The Iraq war was sold to the American people with an argument that it was better to fight terrorism on foreign soil than American soil - a hugely attractive argument considering that nobody really desires a war in their own back yard. The trouble with choosing Iraq as the place to fight Al-Qaeda, however, is that Iraq isn't Al-Qaeda's back yard. Pakistan and Afganistan are!

The Bush Administration's lack of attention in Pakistan and Afghanistan has left Al-Qaeda free to regenerate on their own soil, in the comfort of their own back yard, free to pick and choose when they will attack U.S. interests and how. The killing of Benazir Bhutto proved just how effective Al-Qaeda's strategy has been...and just how little the Bush Administration has actually accomplished in fighting terrorism.

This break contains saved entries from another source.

lemma omegaM_Wseq_le:
  fixes t :: "'d::finite \<Rightarrow> real"
  assumes "0 < lam"
  shows "omegaM (Wseq \<omega> lam) t \<le> ereal (\<omega> (max (vnorm t) 1) / lam)"
  unfolding omegaM_def
proof (rule SUP_least)
  fix \<beta> :: "'d \<Rightarrow> nat" assume "\<beta> \<in> {\<beta>. \<forall>j. t j = 0 \<longrightarrow> \<beta> j = 0}"
  define R where "R = max (vnorm t) 1"
  define P where "P = (\<Prod>j\<in>UNIV. \<bar>t j\<bar> ^ \<beta> j)"
  have "1 \<le> R"
    by (simp add: R_def)
  have "0 < P"
    unfolding P_def using \<open>\<beta> \<in> _\<close> by (intro prod_pos) (cases "t j = 0"; simp)
  have "P \<le> (\<Prod>j\<in>UNIV. R ^ \<beta> j)"
    unfolding P_def by (intro prod_mono conjI power_mono) (auto simp: R_def abs_le_vnorm max.coboundedI1)
  also have "\<dots> = R ^ (\<Sum>j\<in>UNIV. \<beta> j)"
    by (simp add: power_sum)
  finally have "ln P \<le> ln (R ^ (\<Sum>j\<in>UNIV. \<beta> j))"
    using \<open>0 < P\<close> by simp
  then have "ln P \<le> mlen \<beta> * ln R"
    using \<open>1 \<le> R\<close> by (simp add: mlen_def ln_realpow)
  then have "lam * ln P \<le> ln R * (lam * mlen \<beta>)"
    using \<open>0 < lam\<close> by (simp add: ac_simps)
  also have "\<dots> \<le> \<omega> R + young_conj \<omega> (lam * mlen \<beta>)"
    using young_conj_ge[of "lam * mlen \<beta>" "ln R"] \<open>0 < lam\<close> \<open>1 \<le> R\<close> mlen_nonneg[of \<beta>] by simp
  finally have "(lam * ln P - young_conj \<omega> (lam * mlen \<beta>)) / lam \<le> \<omega> R / lam"
    using \<open>0 < lam\<close> by (intro divide_right_mono) auto
  then have "ln (P / Wseq \<omega> lam \<beta>) \<le> \<omega> R / lam"
    using \<open>0 < lam\<close> by (simp add: ln_div_Wseq[OF \<open>0 < P\<close>] diff_divide_distrib)
  then show "ereal (ln ((\<Prod>j\<in>UNIV. \<bar>t j\<bar> ^ \<beta> j) / Wseq \<omega> lam \<beta>)) \<le> ereal (\<omega> R / lam)"
    by (simp add: P_def)
qed

lemma omegaM_Wseq_ge_weight_one:
  fixes t :: "'d::finite \<Rightarrow> real"
  assumes "0 < lam"
  shows "ereal (\<omega> 1 / lam) \<le> omegaM (Wseq \<omega> lam) t"
proof -
  have "ln ((\<Prod>j\<in>UNIV. \<bar>t j\<bar> ^ 0) / Wseq \<omega> lam (\<lambda>_::'d. 0)) = \<omega> 1 / lam"
    by (simp add: ln_div_Wseq mlen_def young_conj_zero)
  then show ?thesis
    using ln_term_le_omegaM[of t "\<lambda>_. 0" "Wseq \<omega> lam"] by simp
qed

lemma omegaM_Wseq_ge_coordinate:
  fixes t :: "'d::finite \<Rightarrow> real"
  assumes "0 < lam" and "1 < \<bar>t i\<bar>"
  shows "ereal (\<omega> \<bar>t i\<bar> / lam - ln \<bar>t i\<bar>) \<le> omegaM (Wseq \<omega> lam) t"
proof -
  define m where "m = \<bar>t i\<bar>"
  define x0 where "x0 = ln m"
  have "0 < x0" "exp x0 = m"
    using assms(2) by (simp_all add: x0_def m_def)
  have "convex_on {0..} (\<lambda>x. \<omega> (exp x))"
    using weight by (simp add: weight_function_def)
  moreover have "mono_on {0..} (\<lambda>x. \<omega> (exp x))"
    by (intro mono_onI weight_mono) auto
  ultimately obtain s where "0 \<le> s" and supporting: "\<And>x. 0 \<le> x \<Longrightarrow> \<omega> m + s * (x - x0) \<le> \<omega> (exp x)"
    using mono_convex_on_supporting_line \<open>0 < x0\<close> \<open>exp x0 = m\<close> by metis
  \<comment> \<open>\<open>\<lambda> k\<close> approximates the supporting slope \<open>s\<close> from below, which makes Young's inequality
    at \<open>x0\<close> sharp up to the error \<open>x0\<close>.\<close>
  define k where "k = nat \<lfloor>s / lam\<rfloor>"
  have "real k = of_int \<lfloor>s / lam\<rfloor>"
    using \<open>0 \<le> s\<close> \<open>0 < lam\<close> by (simp add: k_def)
  then have "real k \<le> s / lam" "s / lam - 1 \<le> real k"
    by linarith+
  then have "lam * real k \<le> s"
    using \<open>0 < lam\<close> by (simp add: field_simps)
  have young: "young_conj \<omega> (lam * real k) \<le> x0 * s - \<omega> m"
  proof (rule young_conj_le)
    fix x :: real assume "0 \<le> x"
    have "x * (lam * real k) \<le> x * s"
      using \<open>lam * real k \<le> s\<close> \<open>0 \<le> x\<close> by (rule mult_left_mono)
    then show "x * (lam * real k) - \<omega> (exp x) \<le> x0 * s - \<omega> m"
      using supporting[OF \<open>0 \<le> x\<close>] by (simp add: algebra_simps)
  qed
  define \<beta> where "\<beta> = (\<lambda>j. if j = i then k else 0)"
  have "(\<Prod>j\<in>UNIV. \<bar>t j\<bar> ^ \<beta> j) = (\<Prod>j\<in>UNIV. if j = i then m ^ k else 1)"
    by (intro prod.cong) (auto simp: \<beta>_def m_def)
  then have monomial: "(\<Prod>j\<in>UNIV. \<bar>t j\<bar> ^ \<beta> j) = m ^ k"
    by simp
  have "mlen \<beta> = real k"
    by (simp add: mlen_def \<beta>_def of_nat_sum[symmetric])
  have "\<omega> m / lam - x0 = (s / lam - 1) * x0 - (x0 * s - \<omega> m) / lam"
    using \<open>0 < lam\<close> by (simp add: field_simps)
  also have "\<dots> \<le> real k * x0 - young_conj \<omega> (lam * real k) / lam"
    using \<open>s / lam - 1 \<le> real k\<close> \<open>0 < x0\<close> young \<open>0 < lam\<close>
    by (intro diff_mono mult_right_mono divide_right_mono) auto
  also have "\<dots> = ln ((\<Prod>j\<in>UNIV. \<bar>t j\<bar> ^ \<beta> j) / Wseq \<omega> lam \<beta>)"
    using assms(2) \<open>mlen \<beta> = real k\<close> by (simp add: monomial ln_div_Wseq ln_realpow x0_def m_def)
  finally have "ereal (\<omega> m / lam - ln m) \<le> ereal (ln ((\<Prod>j\<in>UNIV. \<bar>t j\<bar> ^ \<beta> j) / Wseq \<omega> lam \<beta>))"
    by (simp add: x0_def)
  also have "\<dots> \<le> omegaM (Wseq \<omega> lam) t"
    by (rule ln_term_le_omegaM) (use assms(2) in \<open>auto simp: \<beta>_def\<close>)
  finally show ?thesis
    by (simp add: m_def)
qed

Saturday, December 29, 2007

The Soldier and the Peace Activist

~ Soldiers and Peace Activists have a lot in common. They both want peace. They both struggle mightily. They both care for one another’s well being. They both have family, neighbors, and friends who care about them. They both have hope for a brighter future. They both believe in God, worship God, and pray for God’s strength and protection. They both laugh. They both cry. They both work. They both die. They both yearn for the comfort of a day with no worries. They both have courage. They both have conviction. They both love their nation and desire to see it prosper. They both sweat. They both hunger. They both suffer. They both sacrifice. They both possess moments of uncommon wisdom. They both display moments of downright stupidity. They both experience frustration. They both have ‘in-laws’. They both don’t completely understand each other. They both believe in a cause. They both endure criticism. They both wonder why. They both are valuable human beings made in God’s own image. ~

Saturday, December 22, 2007

This Week in the GOP

Mitt Romney spent the week in familiar territory: trying to weasel out of his latest lie - claiming that he watched his dad marching with Doctor Martin Luther King. This from the same guy who lied on the campaign trail about receiving endorsements that were never given and lied about being a frequent hunter (to appeal to the NRA folks) when he barely knew from which end of the gun the bullet came. He also took a hit earlier in the week from Huckabee who claimed that the former governor from Massachusetts was a (L)iberal in disguise. Personally, as a liberal, I'm offended by the suggestion that Romney stands for anything I hold dear, but Huckabee's comments show just how low Huckabee is prepared to go.

Huckabee, who's found and awakened evangelicals who see his attitudes regarding the marriage of fundamentalist Christianity and government to be just the message they're seeking, is moving up in the Iowa polls. If you have ever had a moment where you believed that President Bush crossed the line separating Church and State, consider the fact that Huckabee doesn't believe that line should even exist. It that doesn't scare you, nothing will. It's hard to understand why a guy who helped spring killers and rapists from prison would still be in the race, but I guess that rule only applies to Democratic candidates. You'll have to pardon my forgetting how two-faced evangelical voters can be. Just ask Fred Thompson (see below)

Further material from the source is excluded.